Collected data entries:

....

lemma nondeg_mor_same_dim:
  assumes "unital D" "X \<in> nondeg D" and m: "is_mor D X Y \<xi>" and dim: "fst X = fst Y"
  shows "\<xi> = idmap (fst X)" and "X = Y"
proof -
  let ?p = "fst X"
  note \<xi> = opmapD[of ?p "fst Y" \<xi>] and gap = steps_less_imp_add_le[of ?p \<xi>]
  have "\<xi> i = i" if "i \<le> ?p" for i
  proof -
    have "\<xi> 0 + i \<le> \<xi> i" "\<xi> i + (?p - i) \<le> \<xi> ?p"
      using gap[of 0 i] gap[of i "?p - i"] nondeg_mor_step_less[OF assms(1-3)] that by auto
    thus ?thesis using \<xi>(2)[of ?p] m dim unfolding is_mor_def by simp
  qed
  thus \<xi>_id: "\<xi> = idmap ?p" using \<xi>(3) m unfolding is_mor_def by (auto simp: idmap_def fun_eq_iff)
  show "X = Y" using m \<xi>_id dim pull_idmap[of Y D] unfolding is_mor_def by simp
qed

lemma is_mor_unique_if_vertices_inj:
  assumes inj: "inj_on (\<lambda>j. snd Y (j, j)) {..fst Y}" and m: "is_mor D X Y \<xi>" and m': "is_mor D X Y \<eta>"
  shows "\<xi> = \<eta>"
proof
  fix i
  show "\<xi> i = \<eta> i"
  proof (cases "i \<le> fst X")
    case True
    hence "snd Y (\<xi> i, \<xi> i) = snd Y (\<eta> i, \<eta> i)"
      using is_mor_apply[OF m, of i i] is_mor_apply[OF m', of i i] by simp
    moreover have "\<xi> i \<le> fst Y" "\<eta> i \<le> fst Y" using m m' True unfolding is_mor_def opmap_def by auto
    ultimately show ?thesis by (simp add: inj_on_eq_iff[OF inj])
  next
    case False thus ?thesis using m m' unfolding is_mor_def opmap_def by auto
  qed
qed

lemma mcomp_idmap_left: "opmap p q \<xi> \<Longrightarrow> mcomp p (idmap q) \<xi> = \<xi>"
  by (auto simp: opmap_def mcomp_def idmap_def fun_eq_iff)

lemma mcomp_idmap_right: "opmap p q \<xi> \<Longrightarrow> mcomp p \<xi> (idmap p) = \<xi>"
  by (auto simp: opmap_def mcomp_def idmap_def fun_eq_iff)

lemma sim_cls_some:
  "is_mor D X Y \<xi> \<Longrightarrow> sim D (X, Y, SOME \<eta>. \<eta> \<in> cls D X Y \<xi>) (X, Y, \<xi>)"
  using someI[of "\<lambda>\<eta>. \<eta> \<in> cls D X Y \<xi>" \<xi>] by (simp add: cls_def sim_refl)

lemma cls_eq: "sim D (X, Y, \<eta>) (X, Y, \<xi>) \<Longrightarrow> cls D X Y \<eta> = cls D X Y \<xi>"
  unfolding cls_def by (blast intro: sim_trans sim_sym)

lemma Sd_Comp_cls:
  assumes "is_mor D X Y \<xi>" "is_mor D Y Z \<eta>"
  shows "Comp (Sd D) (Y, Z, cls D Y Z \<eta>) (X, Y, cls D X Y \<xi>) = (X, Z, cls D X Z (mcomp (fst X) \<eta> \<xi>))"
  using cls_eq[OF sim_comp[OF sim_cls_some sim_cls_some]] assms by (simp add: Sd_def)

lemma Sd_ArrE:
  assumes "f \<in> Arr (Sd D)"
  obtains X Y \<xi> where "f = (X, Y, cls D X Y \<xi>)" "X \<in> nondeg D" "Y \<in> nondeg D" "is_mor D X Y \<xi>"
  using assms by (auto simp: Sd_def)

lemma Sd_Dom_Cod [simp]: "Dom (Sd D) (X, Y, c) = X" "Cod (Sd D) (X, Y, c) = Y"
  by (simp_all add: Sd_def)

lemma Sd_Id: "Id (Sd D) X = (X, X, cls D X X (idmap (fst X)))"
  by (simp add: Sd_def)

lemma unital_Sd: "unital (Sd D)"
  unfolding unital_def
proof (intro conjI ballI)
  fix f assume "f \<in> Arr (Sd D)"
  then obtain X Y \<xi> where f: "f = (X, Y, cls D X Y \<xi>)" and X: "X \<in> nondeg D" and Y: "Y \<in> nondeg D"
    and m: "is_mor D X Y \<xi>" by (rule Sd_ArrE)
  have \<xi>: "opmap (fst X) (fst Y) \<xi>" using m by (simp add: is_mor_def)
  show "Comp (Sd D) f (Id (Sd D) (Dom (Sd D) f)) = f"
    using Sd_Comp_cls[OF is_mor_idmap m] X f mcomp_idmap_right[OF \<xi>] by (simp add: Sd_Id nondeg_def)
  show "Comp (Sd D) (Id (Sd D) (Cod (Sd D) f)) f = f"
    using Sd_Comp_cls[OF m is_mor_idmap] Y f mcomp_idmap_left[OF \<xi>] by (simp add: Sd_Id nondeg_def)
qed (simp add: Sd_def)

....

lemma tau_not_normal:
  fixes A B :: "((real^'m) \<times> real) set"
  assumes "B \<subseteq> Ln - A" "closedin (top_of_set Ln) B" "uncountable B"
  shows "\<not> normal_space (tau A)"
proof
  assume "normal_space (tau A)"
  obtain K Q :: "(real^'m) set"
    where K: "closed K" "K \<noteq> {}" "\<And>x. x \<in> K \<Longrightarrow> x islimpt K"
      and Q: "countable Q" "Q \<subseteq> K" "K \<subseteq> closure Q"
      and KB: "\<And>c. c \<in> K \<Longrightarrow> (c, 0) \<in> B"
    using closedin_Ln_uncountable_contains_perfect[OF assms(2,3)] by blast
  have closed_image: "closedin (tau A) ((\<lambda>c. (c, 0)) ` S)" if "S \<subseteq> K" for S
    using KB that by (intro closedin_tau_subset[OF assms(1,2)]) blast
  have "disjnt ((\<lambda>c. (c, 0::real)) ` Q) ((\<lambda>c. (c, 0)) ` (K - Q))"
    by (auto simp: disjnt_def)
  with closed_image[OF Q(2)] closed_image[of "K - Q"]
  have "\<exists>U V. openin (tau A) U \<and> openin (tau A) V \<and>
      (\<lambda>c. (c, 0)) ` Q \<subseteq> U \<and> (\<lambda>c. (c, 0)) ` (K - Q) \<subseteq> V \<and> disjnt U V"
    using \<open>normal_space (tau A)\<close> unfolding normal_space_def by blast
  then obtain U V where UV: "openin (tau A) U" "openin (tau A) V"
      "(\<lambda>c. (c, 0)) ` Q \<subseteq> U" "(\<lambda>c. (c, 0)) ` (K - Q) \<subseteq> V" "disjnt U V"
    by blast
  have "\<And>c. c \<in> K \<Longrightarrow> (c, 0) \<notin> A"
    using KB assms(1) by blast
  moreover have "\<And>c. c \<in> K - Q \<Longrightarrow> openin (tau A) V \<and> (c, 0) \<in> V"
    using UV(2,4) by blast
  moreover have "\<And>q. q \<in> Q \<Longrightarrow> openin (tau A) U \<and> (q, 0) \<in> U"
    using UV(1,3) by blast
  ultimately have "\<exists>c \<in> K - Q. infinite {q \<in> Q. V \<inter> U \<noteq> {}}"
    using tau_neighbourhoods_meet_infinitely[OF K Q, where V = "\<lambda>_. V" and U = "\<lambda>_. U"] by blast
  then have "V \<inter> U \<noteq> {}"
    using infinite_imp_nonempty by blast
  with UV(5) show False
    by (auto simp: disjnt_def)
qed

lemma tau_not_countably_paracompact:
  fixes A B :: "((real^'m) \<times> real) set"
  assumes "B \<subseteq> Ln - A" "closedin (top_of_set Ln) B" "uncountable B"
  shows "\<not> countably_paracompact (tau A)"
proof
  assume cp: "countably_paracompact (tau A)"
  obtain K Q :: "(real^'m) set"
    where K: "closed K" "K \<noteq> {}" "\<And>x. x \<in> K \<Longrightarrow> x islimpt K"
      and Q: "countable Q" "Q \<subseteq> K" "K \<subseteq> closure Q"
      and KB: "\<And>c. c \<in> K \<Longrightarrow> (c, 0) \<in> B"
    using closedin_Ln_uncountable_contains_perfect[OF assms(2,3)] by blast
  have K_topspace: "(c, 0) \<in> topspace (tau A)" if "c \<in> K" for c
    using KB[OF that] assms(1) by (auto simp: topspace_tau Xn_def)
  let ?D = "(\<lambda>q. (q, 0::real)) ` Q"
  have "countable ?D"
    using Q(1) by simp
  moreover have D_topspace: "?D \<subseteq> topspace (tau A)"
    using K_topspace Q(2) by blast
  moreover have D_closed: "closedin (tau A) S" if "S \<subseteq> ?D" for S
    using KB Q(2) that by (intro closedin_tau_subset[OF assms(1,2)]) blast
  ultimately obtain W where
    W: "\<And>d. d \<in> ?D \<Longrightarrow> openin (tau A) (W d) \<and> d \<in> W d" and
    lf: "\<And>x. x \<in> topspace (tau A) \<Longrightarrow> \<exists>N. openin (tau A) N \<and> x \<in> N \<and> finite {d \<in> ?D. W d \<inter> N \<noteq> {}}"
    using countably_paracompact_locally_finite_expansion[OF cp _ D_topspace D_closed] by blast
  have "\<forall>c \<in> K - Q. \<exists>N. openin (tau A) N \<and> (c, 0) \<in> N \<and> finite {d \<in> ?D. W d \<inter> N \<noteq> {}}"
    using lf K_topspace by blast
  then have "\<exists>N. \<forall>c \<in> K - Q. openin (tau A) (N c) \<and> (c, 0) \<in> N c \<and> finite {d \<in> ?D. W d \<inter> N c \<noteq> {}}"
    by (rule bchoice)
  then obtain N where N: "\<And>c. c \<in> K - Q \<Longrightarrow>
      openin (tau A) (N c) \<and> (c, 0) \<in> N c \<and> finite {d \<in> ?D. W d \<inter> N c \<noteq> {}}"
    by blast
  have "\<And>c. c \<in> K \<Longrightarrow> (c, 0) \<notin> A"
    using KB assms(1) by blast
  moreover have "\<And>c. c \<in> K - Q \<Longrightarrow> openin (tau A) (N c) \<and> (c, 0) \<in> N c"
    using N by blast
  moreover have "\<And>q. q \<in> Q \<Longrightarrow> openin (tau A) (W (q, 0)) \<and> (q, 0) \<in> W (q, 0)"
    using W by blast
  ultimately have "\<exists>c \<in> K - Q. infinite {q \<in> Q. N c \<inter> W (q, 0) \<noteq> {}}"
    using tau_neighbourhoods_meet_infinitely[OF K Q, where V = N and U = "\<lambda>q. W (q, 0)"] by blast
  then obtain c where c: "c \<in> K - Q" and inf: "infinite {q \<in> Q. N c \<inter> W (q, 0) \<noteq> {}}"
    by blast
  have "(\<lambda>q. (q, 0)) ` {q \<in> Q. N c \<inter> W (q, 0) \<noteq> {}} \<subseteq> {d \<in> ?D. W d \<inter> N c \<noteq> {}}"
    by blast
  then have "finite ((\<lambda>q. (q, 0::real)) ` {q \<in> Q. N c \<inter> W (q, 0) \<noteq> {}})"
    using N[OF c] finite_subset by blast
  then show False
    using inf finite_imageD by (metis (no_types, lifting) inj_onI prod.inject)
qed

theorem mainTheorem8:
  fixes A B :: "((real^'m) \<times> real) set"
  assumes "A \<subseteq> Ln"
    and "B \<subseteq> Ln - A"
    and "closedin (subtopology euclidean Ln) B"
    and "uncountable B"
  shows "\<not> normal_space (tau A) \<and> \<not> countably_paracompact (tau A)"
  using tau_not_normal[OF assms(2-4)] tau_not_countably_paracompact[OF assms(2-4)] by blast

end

....

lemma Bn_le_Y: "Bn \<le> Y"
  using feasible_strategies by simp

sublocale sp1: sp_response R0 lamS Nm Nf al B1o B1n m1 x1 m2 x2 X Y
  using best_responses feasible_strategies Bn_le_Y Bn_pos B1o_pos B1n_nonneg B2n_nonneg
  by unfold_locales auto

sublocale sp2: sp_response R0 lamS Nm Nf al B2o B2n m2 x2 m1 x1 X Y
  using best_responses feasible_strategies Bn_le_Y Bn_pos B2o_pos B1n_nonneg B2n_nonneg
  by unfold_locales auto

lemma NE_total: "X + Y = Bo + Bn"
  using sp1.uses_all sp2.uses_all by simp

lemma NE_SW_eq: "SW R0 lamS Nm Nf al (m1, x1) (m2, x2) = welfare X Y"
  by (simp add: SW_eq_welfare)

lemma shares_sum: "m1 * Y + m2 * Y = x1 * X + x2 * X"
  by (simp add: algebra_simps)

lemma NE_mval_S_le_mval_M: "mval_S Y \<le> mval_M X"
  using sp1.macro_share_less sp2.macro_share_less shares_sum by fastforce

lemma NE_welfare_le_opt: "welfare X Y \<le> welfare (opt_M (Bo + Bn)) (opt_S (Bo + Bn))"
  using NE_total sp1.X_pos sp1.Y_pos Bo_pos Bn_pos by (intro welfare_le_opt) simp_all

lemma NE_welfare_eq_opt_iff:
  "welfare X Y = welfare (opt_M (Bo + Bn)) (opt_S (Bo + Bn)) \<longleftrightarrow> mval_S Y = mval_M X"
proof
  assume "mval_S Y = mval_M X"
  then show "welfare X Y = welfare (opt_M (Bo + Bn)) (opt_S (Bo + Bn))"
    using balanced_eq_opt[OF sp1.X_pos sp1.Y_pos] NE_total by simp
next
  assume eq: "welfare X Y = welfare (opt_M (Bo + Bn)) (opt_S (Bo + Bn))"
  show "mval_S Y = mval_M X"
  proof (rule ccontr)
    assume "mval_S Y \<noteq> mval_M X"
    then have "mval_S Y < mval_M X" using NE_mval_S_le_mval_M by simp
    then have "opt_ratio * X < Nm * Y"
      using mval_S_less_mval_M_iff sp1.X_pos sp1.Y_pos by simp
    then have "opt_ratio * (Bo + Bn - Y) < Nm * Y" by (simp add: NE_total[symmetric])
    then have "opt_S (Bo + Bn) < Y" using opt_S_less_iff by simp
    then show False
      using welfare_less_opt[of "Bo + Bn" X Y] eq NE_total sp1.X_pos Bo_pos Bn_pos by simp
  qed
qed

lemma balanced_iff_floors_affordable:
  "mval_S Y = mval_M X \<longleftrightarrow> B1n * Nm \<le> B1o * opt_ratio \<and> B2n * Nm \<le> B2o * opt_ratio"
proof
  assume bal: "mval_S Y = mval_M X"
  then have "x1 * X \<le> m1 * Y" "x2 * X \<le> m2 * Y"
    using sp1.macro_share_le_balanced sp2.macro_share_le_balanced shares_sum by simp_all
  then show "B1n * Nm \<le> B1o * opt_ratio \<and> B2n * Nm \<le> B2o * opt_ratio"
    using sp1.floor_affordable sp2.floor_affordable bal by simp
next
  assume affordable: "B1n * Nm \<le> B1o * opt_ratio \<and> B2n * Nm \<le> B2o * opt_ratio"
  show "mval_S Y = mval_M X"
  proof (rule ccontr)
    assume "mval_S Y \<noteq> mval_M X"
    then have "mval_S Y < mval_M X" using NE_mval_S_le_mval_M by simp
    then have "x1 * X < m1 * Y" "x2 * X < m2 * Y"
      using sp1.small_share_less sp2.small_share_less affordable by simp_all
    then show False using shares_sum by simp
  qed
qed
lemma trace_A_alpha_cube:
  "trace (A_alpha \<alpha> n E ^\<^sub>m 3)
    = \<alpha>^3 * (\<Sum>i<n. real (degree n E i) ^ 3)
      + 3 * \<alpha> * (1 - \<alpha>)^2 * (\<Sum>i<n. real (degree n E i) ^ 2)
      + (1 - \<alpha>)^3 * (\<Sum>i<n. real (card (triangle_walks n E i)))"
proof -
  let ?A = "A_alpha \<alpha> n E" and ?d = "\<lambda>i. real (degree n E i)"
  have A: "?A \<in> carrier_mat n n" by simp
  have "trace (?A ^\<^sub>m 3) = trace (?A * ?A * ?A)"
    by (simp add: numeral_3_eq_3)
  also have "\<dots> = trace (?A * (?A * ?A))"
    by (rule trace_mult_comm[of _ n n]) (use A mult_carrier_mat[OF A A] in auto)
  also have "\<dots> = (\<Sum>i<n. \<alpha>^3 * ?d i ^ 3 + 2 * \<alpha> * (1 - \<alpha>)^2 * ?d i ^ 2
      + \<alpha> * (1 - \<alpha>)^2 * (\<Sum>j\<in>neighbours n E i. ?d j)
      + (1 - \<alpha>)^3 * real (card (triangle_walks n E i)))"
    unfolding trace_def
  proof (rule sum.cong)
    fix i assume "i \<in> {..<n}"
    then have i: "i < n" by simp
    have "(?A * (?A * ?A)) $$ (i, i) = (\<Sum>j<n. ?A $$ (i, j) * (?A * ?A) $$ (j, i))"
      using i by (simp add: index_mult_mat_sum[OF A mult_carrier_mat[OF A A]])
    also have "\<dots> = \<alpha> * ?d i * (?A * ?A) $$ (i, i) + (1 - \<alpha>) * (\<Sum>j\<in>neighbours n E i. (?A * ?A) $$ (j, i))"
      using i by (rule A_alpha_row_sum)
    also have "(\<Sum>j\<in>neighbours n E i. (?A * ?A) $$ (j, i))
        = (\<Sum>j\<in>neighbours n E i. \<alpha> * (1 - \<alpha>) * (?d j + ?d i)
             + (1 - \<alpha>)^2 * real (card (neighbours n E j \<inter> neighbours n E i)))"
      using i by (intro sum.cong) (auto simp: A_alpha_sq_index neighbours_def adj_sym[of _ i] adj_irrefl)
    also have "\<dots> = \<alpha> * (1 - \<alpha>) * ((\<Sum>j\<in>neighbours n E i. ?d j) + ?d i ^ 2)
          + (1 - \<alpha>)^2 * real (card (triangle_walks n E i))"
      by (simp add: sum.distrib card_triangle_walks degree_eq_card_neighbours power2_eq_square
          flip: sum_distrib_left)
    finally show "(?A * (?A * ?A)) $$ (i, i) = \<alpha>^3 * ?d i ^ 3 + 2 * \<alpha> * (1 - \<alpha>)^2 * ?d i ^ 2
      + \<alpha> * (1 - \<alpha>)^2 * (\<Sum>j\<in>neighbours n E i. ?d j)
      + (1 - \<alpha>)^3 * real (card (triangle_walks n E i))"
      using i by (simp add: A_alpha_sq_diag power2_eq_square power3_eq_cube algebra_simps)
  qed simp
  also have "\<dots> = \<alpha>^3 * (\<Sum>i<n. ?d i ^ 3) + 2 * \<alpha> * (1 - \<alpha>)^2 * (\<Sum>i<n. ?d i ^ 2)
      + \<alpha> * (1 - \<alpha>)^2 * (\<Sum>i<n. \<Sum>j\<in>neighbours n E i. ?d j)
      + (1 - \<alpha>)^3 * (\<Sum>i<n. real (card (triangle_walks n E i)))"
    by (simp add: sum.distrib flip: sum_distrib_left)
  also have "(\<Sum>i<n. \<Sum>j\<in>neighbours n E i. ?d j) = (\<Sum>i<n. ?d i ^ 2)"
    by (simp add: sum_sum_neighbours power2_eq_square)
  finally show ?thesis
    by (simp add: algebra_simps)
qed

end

....

__Exercise goal__: Above are the entries. Quote exactly the lines from the one bearing "i \<le> \<xi>" through the one bearing "(\<xi> i, \<xi>".

__Answer space__:
    have "\<xi> 0 + i \<le> \<xi> i" "\<xi> i + (?p - i) \<le> \<xi> ?p"
      using gap[of 0 i] gap[of i "?p - i"] nondeg_mor_step_less[OF assms(1-3)] that by auto
    thus ?thesis using \<xi>(2)[of ?p] m dim unfolding is_mor_def by simp
  qed
  thus \<xi>_id: "\<xi> = idmap ?p" using \<xi>(3) m unfolding is_mor_def by (auto simp: idmap_def fun_eq_iff)
  show "X = Y" using m \<xi>_id dim pull_idmap[of Y D] unfolding is_mor_def by simp
qed

lemma is_mor_unique_if_vertices_inj:
  assumes inj: "inj_on (\<lambda>j. snd Y (j, j)) {..fst Y}" and m: "is_mor D X Y \<xi>" and m': "is_mor D X Y \<eta>"
  shows "\<xi> = \<eta>"
proof
  fix i
  show "\<xi> i = \<eta> i"
  proof (cases "i \<le> fst X")
    case True
    hence "snd Y (\<xi> i, \<xi> i) = snd Y (\<eta> i, \<eta> i)"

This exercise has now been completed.